START Data supplied
lemma binomial_sum_scaleR_Suc:
  fixes M :: "nat \<Rightarrow> 'a::real_vector" and a :: real
  shows "(\<Sum>k\<le>n. (of_nat (n choose k) * a^(n-k)) *\<^sub>R M (Suc k))
       + a *\<^sub>R (\<Sum>k\<le>n. (of_nat (n choose k) * a^(n-k)) *\<^sub>R M k)
       = (\<Sum>k\<le>Suc n. (of_nat (Suc n choose k) * a^(Suc n-k)) *\<^sub>R M k)"
proof -
  have "a *\<^sub>R (\<Sum>k\<le>n. (of_nat (n choose k) * a^(n-k)) *\<^sub>R M k)
      = (\<Sum>k\<le>n. (of_nat (n choose k) * a^(Suc n-k)) *\<^sub>R M k)"
    by (auto simp: scaleR_sum_right Suc_diff_le intro!: sum.cong)
  also have "\<dots> = (\<Sum>k\<le>Suc n. (of_nat (n choose k) * a^(Suc n-k)) *\<^sub>R M k)"
    by simp
  also have "\<dots> = a^(Suc n) *\<^sub>R M 0 + (\<Sum>k\<le>n. (of_nat (n choose Suc k) * a^(n-k)) *\<^sub>R M (Suc k))"
    by (subst sum.atMost_Suc_shift) simp
  moreover have "(\<Sum>k\<le>Suc n. (of_nat (Suc n choose k) * a^(Suc n-k)) *\<^sub>R M k)
     = a^(Suc n) *\<^sub>R M 0 + (\<Sum>k\<le>n. (of_nat (n choose k) * a^(n-k)) *\<^sub>R M (Suc k))
        + (\<Sum>k\<le>n. (of_nat (n choose Suc k) * a^(n-k)) *\<^sub>R M (Suc k))"
    by (subst sum.atMost_Suc_shift) (simp add: algebra_simps sum.distrib)
  ultimately show ?thesis by (simp add: algebra_simps)
qed
text \<open>Let i_s = i_{s+1} = i.  Each word w_I^e either repeats a letter adjacently (e_s = e_{s+1})
  or contains both w_i and w'_i; so the image of chi_I vanishes at e_T as soon as the image of
  one of w_i, w'_i has no summand in T.\<close>
lemma chi_img_pair_avoids:
  assumes s: "Suc s < length I" "I ! s = i" "I ! Suc s = i"
    and v: "v \<in> {0, 1}" and avoid: "\<And>y. y \<in> set (\<phi> (v, i)) \<Longrightarrow> y \<notin> T"
  shows "chi_img \<phi> a I T = 0"
proof (rule chi_img_zero)
  fix e assume e: "e \<in> Eps (length I)"
  then have len: "length e = length I" and bits: "e ! s \<in> {0, 1}" "e ! Suc s \<in> {0, 1}"
    using s(1) by (auto simp: Eps_def subset_iff)
  have split: "zip e I = take s (zip e I) @ (e ! s, i) # (e ! Suc s, i) # drop (Suc (Suc s)) (zip e I)"
  proof -
    have bound: "Suc s < length (zip e I)" using s(1) len by simp
    have "zip e I ! s = (e ! s, i)" "zip e I ! Suc s = (e ! Suc s, i)" using s len by auto
    then show ?thesis
      using id_take_nth_drop[OF Suc_lessD[OF bound]] Cons_nth_drop_Suc[OF bound] by metis
  qed
  show "ext_img \<phi> (zip e I) T = 0"
  proof (cases "e ! s = e ! Suc s")
    case True
    then show ?thesis by (subst split) (simp only: ext_img_repeat)
  next
    case False
    then have "(v, i) \<in> set (zip e I)" using bits v by (subst split) auto
    then show ?thesis using avoid by (rule ext_img_letter_avoids)
  qed
qed
lemma fibre_pair_limit:
  fixes A A' :: "nat \<Rightarrow> int \<Rightarrow> 'a::finite"
  assumes cl: "closed_set X" and code: "is_code X Y \<phi>" and I: "infinite I"
    and pair: "\<And>n. n \<in> I \<Longrightarrow> A n \<in> X \<and> A' n \<in> X \<and> \<phi> (A n) = \<phi> (A' n) \<and> A n 0 \<noteq> A' n 0"
    and agree_Q: "\<And>n i. n \<in> I \<Longrightarrow> Q i \<Longrightarrow> nat \<bar>i\<bar> \<le> n \<Longrightarrow> A n i = A' n i"
  shows "\<exists>a\<in>X. \<exists>a'\<in>X. \<phi> a = \<phi> a' \<and> a 0 \<noteq> a' 0 \<and> (\<forall>i. Q i \<longrightarrow> a i = a' i)"
proof -
  obtain c where "cluster_point I (\<lambda>n i. (A n i, A' n i)) c"
    using exists_cluster_point[OF I] by blast
  define a where "a = fst \<circ> c"
  define a' where "a' = snd \<circ> c"
  have "agree k a (A n) \<and> agree k a' (A' n)" if "agree k c (\<lambda>i. (A n i, A' n i))" for k n
    using that unfolding agree_def a_def a'_def by auto
  then have near: "\<exists>n\<in>I. N \<le> n \<and> agree k a (A n) \<and> agree k a' (A' n)" for k N
    using \<open>cluster_point I _ c\<close> unfolding cluster_point_def by blast
  have "cluster_point I A a" "cluster_point I A' a'"
    using near unfolding cluster_point_def by blast+
  then have aX: "a \<in> X" and a'X: "a' \<in> X"
    using closed_set_cluster_point[OF cl] pair by blast+
  have "a 0 \<noteq> a' 0"
  proof -
    obtain n where n: "n \<in> I" "agree (nat \<bar>0\<bar>) a (A n)" "agree (nat \<bar>0\<bar>) a' (A' n)"
      using near by blast
    have "a 0 = A n 0" "a' 0 = A' n 0"
      using agree_nat_abs[OF n(2)] agree_nat_abs[OF n(3)] .
    then show ?thesis
      using pair[OF n(1)] by simp
  qed
  moreover have "a i = a' i" if "Q i" for i
  proof -
    obtain n where n: "n \<in> I" "nat \<bar>i\<bar> \<le> n"
      and agrees: "agree (nat \<bar>i\<bar>) a (A n)" "agree (nat \<bar>i\<bar>) a' (A' n)"
      using near by blast
    have "a i = A n i" "a' i = A' n i"
      using agree_nat_abs[OF agrees(1)] agree_nat_abs[OF agrees(2)] .
    then show ?thesis
      using agree_Q[OF n(1) that n(2)] by simp
  qed
  moreover have "\<phi> a = \<phi> a'"
    by (rule code_eq_at_joint_limit[where I = I and A = A and A' = A', OF code aX a'X])
      (use near pair in blast)+
  ultimately show ?thesis
    using aX a'X by blast
qed

text \<open>Shift a disagreement of minimal distance from the origin to the origin.\<close>

lemma fibre_pair_centred:
  assumes inv: "shift ` X = X" and code: "is_code X Y \<phi>"
    and x: "x \<in> X" "x' \<in> X" "\<phi> x = \<phi> x'" "agree D x x'" "x \<noteq> x'"
  obtains a a' where "a \<in> X" "a' \<in> X" "\<phi> a = \<phi> a'" "a 0 \<noteq> a' 0"
    "(\<forall>i<0. nat \<bar>i\<bar> \<le> D \<longrightarrow> a i = a' i) \<or> (\<forall>i>0. nat \<bar>i\<bar> \<le> D \<longrightarrow> a i = a' i)"
proof -
  obtain p0 where p0: "x p0 \<noteq> x' p0"
    using x(5) by auto
  obtain p where p: "x p \<noteq> x' p" and p_min: "\<And>q. x q \<noteq> x' q \<Longrightarrow> nat \<bar>p\<bar> \<le> nat \<bar>q\<bar>"
    using ex_has_least_nat[of "\<lambda>p. x p \<noteq> x' p" p0 "\<lambda>p. nat \<bar>p\<bar>", OF p0] by blast
  have pD: "int D < \<bar>p\<bar>"
    using agreeD[OF x(4)] p by force
  have closer: "x q = x' q" if "\<bar>q\<bar> < \<bar>p\<bar>" for q
    using p_min[of q] that by force
  define a where "a = shift_pow p x"
  define a' where "a' = shift_pow p x'"
  have "a \<in> X" "a' \<in> X"
    unfolding a_def a'_def using shift_pow_mem[OF inv] x by auto
  moreover have "\<phi> a = \<phi> a'"
    unfolding a_def a'_def using code_shift_pow[OF inv code] x by simp
  moreover have "a 0 \<noteq> a' 0"
    unfolding a_def a'_def shift_pow_def using p by simp
  moreover have "(\<forall>i<0. nat \<bar>i\<bar> \<le> D \<longrightarrow> a i = a' i) \<or> (\<forall>i>0. nat \<bar>i\<bar> \<le> D \<longrightarrow> a i = a' i)"
  proof (cases "p > 0")
    case True
    then have "\<forall>i<0. nat \<bar>i\<bar> \<le> D \<longrightarrow> a i = a' i"
      unfolding a_def a'_def shift_pow_def using pD closer by auto
    then show ?thesis ..
  next
    case False
    then have "\<forall>i>0. nat \<bar>i\<bar> \<le> D \<longrightarrow> a i = a' i"
      unfolding a_def a'_def shift_pow_def using pD closer by auto
    then show ?thesis ..
  qed
  ultimately show ?thesis
    using that by blast
qed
END Data supplied
> [Assigned task]
In the records above, find the line with "and a :: real"; write out exactly that line and each one after it, stopping after the line with "0 + (\<Sum>k\<le>n. (of_nat (n choose k)".

> [Task response]
  fixes M :: "nat \<Rightarrow> 'a::real_vector" and a :: real
  shows "(\<Sum>k\<le>n. (of_nat (n choose k) * a^(n-k)) *\<^sub>R M (Suc k))
       + a *\<^sub>R (\<Sum>k\<le>n. (of_nat (n choose k) * a^(n-k)) *\<^sub>R M k)
       = (\<Sum>k\<le>Suc n. (of_nat (Suc n choose k) * a^(Suc n-k)) *\<^sub>R M k)"
proof -
  have "a *\<^sub>R (\<Sum>k\<le>n. (of_nat (n choose k) * a^(n-k)) *\<^sub>R M k)
      = (\<Sum>k\<le>n. (of_nat (n choose k) * a^(Suc n-k)) *\<^sub>R M k)"
    by (auto simp: scaleR_sum_right Suc_diff_le intro!: sum.cong)
  also have "\<dots> = (\<Sum>k\<le>Suc n. (of_nat (n choose k) * a^(Suc n-k)) *\<^sub>R M k)"
    by simp
  also have "\<dots> = a^(Suc n) *\<^sub>R M 0 + (\<Sum>k\<le>n. (of_nat (n choose Suc k) * a^(n-k)) *\<^sub>R M (Suc k))"
    by (subst sum.atMost_Suc_shift) simp
  moreover have "(\<Sum>k\<le>Suc n. (of_nat (Suc n choose k) * a^(Suc n-k)) *\<^sub>R M k)
     = a^(Suc n) *\<^sub>R M 0 + (\<Sum>k\<le>n. (of_nat (n choose k) * a^(n-k)) *\<^sub>R M (Suc k))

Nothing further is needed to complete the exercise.